HandyDART is an accessible transit service in British Columbia that uses vans or small buses to transport disabled or elderly passengers who cannot use the normal transit system. This service provides door-to-door service and is available in all of the province's larger centres, as well as in many smaller communities. There are 16 custom accessible transit systems.

===BC Bus North===

BC Transit operates a limited intercity service with a hub in Prince George, serving as a replacement for connections lost when Greyhound ceased operations in Western Canada.

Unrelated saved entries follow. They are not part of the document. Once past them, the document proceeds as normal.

(* Let $M$ be a $4$-dimensional manifold with local coordinates $(x^1,\dots,x^4)$, $e_i=\partial/\partial x^i$, and Riemannian metric $g$ with components \[(g_{ij})=\begin{pmatrix} A&B&C&B\\ B&A&B&C\\ C&B&A&B\\ B&C&B&A\end{pmatrix},\] $A,B,C$ smooth functions with $A>C>B>0$. Let $P$ be the almost product structure with component matrix having rows $(0,0,1,0),(0,0,0,1),(1,0,0,0),(0,1,0,0)$. Then $(M,g,P)$ belongs to the class $\mathcal{W}_1$ if and only if \[(A+C)(B_4-B_2)=B(A_4-C_2+C_4-A_2),\qquad (A+C)(B_3-B_1)=B(A_3-C_1+C_3-A_1),\] where $A_i=\partial A/\partial x^i$, $B_i=\partial B/\partial x^i$, $C_i=\partial C/\partial x^i$.
   Context: Let $\nabla$ be the Levi-Civita connection of $g$, $F(x,y,z)=g((\nabla_xP)y,z)$, and $\theta(x)=g^{ij}F(e_i,e_j,x)$ with $(g^{ij})$ the inverse of $(g_{ij})$. The manifold $(M,g,P)$ belongs to the class $\mathcal{W}_1$ if for all vector fields $x,y,z$: \[F(x,y,z)=\tfrac14\big[g(x,y)\theta(z)+g(x,z)\theta(y)-g(x,Py)\theta(Pz)-g(x,Pz)\theta(Py)\big].\] *)

theory Defs
  imports "HOL-Analysis.Analysis"
begin

text \<open>A coordinate chart of the 4-manifold is modelled by an open set U of real^4.
  Coordinates x^1..x^4 correspond to indices 1,2,3,4 of the numeral type 4
  (so that the list-based constructor vector, which starts at index 1, matches).\<close>

definition pd :: "(real^4 \<Rightarrow> real) \<Rightarrow> 4 \<Rightarrow> real^4 \<Rightarrow> real" where
  "pd f i p = deriv (\<lambda>t. f (p + t *\<^sub>R axis i 1)) 0"

coinductive smooth_on4 :: "(real^4) set \<Rightarrow> (real^4 \<Rightarrow> real) \<Rightarrow> bool" where
  "f differentiable_on U \<Longrightarrow> (\<And>i. smooth_on4 U (pd f i)) \<Longrightarrow> smooth_on4 U f"

definition gform :: "real^4^4 \<Rightarrow> real^4 \<Rightarrow> real^4 \<Rightarrow> real" where
  "gform Gm a b = (\<Sum>i\<in>UNIV. \<Sum>j\<in>UNIV. Gm $ i $ j * a $ i * b $ j)"

text \<open>Christoffel symbols Gamma^k_{ij} of the Levi-Civita connection of the metric field G
  (nabla_{e_i} e_j = sum_k Gamma^k_{ij} e_k).\<close>
definition christoffel :: "(real^4 \<Rightarrow> real^4^4) \<Rightarrow> 4 \<Rightarrow> 4 \<Rightarrow> 4 \<Rightarrow> real^4 \<Rightarrow> real" where
  "christoffel G k i j p = (1/2) * (\<Sum>l\<in>UNIV. matrix_inv (G p) $ k $ l *
      (pd (\<lambda>q. G q $ j $ l) i p + pd (\<lambda>q. G q $ i $ l) j p - pd (\<lambda>q. G q $ i $ j) l p))"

While it bears no BC Transit markings, it receives funding for operations and its scheduling, routing, and organization is guided by BC Transit.

===Health Connections===

BC Transit operates small interregional buses on infrequent schedules to primarily serve patients in rural areas needing access to health care facilities in larger urban centres, but makes the service available to all members of the public. The Health Connections network focuses on the Cariboo, Fraser Canyon, South Okanagan, Columbia and West Kootenays areas. These services, while scheduled, are not listed in standard riders guides as published by local agencies.